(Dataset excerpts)
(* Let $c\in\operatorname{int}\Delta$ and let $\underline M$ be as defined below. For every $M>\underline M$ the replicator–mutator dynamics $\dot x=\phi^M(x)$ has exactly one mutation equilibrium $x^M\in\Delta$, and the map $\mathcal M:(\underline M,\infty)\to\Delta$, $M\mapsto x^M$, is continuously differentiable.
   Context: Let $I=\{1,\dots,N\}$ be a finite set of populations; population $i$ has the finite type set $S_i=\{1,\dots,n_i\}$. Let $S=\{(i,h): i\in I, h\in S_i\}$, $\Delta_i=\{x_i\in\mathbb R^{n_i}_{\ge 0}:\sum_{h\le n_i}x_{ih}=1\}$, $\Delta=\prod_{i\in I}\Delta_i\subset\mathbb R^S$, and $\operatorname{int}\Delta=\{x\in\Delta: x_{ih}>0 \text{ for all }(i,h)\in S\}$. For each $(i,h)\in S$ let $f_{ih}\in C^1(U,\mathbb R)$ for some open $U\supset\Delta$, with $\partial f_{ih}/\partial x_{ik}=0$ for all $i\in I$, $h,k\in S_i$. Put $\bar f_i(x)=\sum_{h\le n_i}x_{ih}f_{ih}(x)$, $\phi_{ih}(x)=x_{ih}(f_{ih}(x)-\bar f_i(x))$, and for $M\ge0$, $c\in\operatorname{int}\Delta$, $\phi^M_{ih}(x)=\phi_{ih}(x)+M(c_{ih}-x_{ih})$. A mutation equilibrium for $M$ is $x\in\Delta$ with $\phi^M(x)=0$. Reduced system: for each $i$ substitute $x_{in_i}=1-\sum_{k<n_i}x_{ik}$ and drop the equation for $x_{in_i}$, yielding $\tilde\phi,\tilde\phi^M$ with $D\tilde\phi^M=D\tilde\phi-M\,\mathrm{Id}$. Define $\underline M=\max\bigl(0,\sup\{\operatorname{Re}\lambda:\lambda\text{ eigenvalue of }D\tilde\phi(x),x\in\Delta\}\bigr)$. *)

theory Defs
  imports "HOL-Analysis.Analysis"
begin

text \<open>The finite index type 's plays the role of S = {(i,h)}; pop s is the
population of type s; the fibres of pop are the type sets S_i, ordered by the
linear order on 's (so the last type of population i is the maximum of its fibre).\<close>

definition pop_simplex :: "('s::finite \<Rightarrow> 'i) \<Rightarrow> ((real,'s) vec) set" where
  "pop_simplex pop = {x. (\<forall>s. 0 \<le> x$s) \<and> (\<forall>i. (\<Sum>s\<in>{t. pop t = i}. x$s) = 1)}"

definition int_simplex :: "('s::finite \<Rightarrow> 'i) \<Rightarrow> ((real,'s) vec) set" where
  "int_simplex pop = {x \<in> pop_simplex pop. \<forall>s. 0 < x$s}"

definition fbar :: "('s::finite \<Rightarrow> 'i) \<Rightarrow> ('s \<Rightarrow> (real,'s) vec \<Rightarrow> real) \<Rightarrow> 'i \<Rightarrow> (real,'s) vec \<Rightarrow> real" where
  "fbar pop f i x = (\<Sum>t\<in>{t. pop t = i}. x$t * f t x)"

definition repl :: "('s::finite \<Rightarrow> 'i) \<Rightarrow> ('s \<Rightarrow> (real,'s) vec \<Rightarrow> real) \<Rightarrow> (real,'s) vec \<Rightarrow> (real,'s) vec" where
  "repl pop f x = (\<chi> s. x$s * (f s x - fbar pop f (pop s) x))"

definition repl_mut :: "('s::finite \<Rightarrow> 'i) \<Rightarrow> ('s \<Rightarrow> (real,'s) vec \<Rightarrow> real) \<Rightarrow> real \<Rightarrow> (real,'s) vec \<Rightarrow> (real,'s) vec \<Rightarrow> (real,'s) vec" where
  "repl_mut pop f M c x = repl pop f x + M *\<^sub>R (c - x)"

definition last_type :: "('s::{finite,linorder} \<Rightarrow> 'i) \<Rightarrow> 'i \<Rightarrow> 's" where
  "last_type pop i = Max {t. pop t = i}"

---

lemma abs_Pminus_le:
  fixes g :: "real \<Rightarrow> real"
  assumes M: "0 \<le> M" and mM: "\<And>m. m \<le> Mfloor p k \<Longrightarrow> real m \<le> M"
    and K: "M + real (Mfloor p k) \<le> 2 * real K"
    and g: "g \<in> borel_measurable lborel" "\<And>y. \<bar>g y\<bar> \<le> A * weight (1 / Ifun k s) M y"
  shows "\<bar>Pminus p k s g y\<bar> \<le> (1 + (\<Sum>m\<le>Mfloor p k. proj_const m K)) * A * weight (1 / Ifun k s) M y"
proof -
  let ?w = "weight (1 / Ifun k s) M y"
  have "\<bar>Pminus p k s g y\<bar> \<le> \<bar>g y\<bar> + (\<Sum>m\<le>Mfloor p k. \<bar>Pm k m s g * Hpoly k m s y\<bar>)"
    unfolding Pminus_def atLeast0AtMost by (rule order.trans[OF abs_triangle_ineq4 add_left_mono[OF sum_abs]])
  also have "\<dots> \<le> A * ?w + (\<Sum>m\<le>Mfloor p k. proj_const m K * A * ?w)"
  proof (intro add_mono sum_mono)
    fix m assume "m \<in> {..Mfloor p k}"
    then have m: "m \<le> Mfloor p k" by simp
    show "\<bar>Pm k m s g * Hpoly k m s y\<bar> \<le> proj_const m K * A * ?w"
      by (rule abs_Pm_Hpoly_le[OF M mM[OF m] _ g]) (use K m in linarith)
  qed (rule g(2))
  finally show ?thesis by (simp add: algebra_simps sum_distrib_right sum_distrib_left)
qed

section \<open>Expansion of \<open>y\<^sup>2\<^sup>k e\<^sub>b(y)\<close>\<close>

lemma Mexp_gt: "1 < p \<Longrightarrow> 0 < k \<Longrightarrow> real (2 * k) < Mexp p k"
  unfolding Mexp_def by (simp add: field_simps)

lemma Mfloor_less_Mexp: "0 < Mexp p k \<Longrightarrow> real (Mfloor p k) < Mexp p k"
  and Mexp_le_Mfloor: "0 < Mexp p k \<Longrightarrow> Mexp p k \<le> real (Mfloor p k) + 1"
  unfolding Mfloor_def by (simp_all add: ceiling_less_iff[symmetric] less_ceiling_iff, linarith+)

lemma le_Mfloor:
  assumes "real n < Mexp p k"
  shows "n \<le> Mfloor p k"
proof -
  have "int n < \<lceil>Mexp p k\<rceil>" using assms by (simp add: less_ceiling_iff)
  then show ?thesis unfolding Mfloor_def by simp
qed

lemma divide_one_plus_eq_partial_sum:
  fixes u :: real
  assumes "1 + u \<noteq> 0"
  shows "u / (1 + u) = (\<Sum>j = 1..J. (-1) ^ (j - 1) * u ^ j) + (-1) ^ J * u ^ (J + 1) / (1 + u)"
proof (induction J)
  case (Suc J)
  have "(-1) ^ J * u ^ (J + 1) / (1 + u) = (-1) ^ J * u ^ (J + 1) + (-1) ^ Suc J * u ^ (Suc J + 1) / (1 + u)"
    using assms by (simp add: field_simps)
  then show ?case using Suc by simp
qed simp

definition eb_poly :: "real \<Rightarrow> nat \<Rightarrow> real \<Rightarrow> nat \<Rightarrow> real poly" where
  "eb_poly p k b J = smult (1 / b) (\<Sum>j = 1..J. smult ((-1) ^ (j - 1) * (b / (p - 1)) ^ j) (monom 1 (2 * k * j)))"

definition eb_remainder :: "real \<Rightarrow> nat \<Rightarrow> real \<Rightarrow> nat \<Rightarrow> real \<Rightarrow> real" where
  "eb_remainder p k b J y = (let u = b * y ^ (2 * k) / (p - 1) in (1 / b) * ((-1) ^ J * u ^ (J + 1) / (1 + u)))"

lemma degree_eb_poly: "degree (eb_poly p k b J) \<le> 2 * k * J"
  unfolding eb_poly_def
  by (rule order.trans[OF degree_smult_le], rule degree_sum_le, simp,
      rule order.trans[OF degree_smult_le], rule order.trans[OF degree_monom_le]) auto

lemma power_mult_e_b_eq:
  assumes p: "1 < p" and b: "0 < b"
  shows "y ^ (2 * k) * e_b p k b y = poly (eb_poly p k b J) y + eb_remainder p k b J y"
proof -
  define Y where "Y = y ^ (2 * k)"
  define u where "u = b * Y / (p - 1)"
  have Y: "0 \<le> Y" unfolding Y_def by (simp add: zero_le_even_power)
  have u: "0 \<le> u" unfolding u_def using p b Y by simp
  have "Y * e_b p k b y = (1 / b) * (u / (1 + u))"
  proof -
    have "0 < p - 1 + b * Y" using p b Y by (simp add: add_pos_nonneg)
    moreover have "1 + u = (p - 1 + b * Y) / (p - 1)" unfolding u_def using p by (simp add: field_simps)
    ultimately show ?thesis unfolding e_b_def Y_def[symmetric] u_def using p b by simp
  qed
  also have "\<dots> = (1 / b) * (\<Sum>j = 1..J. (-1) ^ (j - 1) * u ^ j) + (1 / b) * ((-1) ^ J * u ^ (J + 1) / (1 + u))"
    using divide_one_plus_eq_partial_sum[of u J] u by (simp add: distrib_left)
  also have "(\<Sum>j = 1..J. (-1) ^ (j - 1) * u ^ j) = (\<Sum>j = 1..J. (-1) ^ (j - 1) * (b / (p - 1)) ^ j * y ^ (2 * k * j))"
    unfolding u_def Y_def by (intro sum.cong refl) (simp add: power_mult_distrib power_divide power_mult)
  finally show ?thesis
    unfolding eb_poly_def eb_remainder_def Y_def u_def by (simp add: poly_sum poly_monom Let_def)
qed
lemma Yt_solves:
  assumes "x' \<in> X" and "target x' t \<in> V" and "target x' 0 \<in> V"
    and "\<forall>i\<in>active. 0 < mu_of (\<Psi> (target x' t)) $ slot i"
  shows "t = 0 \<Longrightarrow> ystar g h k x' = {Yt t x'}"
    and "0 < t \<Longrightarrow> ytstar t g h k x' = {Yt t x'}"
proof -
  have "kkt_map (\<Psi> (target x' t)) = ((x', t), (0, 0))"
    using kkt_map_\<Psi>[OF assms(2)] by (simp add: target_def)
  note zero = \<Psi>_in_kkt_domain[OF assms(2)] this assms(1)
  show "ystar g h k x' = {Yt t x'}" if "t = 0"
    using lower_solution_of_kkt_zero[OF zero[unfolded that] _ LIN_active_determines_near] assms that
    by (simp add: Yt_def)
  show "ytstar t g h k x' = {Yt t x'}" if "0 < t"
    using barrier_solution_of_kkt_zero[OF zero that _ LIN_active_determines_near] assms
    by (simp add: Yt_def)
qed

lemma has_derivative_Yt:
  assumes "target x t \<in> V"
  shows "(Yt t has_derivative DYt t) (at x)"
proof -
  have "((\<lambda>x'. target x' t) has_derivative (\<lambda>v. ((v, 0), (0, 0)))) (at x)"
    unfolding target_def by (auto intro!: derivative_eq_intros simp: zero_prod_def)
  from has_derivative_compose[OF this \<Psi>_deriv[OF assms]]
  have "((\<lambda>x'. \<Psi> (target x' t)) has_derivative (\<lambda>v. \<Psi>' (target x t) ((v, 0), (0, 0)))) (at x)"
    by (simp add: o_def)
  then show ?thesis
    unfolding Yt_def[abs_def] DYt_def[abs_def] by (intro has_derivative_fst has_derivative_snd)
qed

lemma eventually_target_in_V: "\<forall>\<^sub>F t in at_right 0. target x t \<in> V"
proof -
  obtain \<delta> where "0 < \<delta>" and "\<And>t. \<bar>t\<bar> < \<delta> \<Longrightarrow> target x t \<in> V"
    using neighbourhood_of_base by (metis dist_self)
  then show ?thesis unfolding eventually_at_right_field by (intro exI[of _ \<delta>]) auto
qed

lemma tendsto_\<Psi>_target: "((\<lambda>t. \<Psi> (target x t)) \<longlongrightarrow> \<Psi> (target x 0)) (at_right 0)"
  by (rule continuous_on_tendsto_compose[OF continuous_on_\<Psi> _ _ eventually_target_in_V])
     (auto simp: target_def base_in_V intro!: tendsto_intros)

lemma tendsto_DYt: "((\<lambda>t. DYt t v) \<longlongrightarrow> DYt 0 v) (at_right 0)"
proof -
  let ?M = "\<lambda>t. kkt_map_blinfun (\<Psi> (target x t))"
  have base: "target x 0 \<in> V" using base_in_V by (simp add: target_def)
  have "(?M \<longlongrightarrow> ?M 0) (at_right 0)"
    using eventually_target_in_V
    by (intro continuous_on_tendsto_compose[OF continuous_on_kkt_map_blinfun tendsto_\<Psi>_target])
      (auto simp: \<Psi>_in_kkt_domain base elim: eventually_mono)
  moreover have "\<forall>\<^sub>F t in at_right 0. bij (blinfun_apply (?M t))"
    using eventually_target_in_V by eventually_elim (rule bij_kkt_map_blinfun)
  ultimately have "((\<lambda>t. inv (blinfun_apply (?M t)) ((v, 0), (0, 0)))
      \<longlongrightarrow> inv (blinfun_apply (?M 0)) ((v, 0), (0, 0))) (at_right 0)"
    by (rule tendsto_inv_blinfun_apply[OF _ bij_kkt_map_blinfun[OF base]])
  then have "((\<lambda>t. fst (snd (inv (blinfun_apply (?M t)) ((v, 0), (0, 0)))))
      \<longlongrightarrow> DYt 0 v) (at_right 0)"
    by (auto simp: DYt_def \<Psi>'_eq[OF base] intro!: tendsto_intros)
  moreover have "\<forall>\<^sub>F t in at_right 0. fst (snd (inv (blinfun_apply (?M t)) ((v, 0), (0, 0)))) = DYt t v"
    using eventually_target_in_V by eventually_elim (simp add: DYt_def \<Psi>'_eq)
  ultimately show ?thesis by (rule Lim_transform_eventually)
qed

---

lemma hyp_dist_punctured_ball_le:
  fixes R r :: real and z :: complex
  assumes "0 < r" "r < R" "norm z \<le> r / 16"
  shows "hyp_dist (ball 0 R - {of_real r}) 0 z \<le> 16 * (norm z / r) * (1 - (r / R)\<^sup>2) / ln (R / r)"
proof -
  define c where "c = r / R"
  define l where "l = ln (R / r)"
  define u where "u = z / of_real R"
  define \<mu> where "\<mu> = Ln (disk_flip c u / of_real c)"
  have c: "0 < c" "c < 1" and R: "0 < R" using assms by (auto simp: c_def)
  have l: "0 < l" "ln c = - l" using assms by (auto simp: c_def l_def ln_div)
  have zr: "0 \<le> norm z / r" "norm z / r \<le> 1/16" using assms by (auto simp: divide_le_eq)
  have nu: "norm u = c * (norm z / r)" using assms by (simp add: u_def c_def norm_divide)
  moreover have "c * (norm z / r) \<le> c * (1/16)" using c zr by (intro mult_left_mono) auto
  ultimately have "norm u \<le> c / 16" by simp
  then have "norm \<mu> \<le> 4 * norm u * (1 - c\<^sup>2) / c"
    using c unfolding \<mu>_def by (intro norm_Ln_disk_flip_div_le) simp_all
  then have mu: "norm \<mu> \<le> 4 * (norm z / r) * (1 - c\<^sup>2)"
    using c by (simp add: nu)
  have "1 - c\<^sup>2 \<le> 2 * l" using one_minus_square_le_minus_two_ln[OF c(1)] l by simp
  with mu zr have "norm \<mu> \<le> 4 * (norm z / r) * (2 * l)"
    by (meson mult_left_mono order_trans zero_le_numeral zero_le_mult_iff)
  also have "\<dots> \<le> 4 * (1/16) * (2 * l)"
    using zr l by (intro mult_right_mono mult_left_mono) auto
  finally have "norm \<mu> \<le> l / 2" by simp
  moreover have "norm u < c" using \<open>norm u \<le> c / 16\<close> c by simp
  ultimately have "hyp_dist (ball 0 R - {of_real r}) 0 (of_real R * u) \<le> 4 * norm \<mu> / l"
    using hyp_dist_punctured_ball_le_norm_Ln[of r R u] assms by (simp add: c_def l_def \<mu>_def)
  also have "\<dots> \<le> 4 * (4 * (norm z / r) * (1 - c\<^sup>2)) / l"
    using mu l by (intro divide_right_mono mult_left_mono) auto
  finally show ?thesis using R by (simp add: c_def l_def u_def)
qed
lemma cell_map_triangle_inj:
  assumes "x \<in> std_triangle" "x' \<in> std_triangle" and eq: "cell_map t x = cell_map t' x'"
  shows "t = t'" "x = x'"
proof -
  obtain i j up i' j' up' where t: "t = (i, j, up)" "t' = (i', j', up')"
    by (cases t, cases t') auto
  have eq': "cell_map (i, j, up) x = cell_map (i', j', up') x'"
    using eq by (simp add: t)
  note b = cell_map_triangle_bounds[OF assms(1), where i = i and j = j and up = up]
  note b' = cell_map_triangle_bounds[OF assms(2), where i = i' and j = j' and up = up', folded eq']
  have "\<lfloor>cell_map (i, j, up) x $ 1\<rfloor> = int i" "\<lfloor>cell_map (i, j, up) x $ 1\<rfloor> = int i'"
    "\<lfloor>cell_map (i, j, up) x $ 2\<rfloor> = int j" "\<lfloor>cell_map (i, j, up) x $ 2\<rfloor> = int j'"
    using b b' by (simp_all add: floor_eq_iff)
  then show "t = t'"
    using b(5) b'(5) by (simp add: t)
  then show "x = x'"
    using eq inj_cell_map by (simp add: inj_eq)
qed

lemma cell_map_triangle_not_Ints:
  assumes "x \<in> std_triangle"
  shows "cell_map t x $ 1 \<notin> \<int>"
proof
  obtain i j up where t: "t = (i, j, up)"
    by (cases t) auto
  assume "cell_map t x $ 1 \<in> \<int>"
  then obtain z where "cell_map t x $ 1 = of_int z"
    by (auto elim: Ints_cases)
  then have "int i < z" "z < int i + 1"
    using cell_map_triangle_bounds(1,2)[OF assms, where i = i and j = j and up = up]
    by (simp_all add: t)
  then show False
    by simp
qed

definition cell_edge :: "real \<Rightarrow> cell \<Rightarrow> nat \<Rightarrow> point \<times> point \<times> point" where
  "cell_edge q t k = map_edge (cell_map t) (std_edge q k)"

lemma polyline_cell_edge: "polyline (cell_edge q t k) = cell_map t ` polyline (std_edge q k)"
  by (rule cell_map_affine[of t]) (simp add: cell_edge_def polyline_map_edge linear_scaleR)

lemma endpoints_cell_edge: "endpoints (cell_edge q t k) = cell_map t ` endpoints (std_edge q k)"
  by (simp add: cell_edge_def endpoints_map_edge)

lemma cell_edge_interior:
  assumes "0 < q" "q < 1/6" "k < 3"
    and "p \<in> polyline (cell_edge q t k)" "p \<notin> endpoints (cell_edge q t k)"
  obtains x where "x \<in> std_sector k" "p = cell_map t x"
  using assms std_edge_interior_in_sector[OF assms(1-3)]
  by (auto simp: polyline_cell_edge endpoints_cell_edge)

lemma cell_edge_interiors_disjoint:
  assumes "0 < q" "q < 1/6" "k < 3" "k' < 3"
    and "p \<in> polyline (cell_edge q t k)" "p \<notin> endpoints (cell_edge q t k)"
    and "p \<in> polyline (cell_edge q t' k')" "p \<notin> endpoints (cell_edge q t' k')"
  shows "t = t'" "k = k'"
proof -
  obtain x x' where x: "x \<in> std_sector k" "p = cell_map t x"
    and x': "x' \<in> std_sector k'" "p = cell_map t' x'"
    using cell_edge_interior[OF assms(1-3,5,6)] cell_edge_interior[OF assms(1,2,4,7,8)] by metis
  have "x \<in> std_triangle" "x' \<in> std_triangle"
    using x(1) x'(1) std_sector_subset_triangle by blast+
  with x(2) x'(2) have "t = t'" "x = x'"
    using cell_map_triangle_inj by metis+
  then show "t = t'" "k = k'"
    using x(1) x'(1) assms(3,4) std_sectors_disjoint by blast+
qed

What this task involves: Whenever the string "linarith" occurs in a line of the entries above, copy that line.

Result of the exercise:
      by (rule abs_Pm_Hpoly_le[OF M mM[OF m] _ g]) (use K m in linarith)
  unfolding Mfloor_def by (simp_all add: ceiling_less_iff[symmetric] less_ceiling_iff, linarith+)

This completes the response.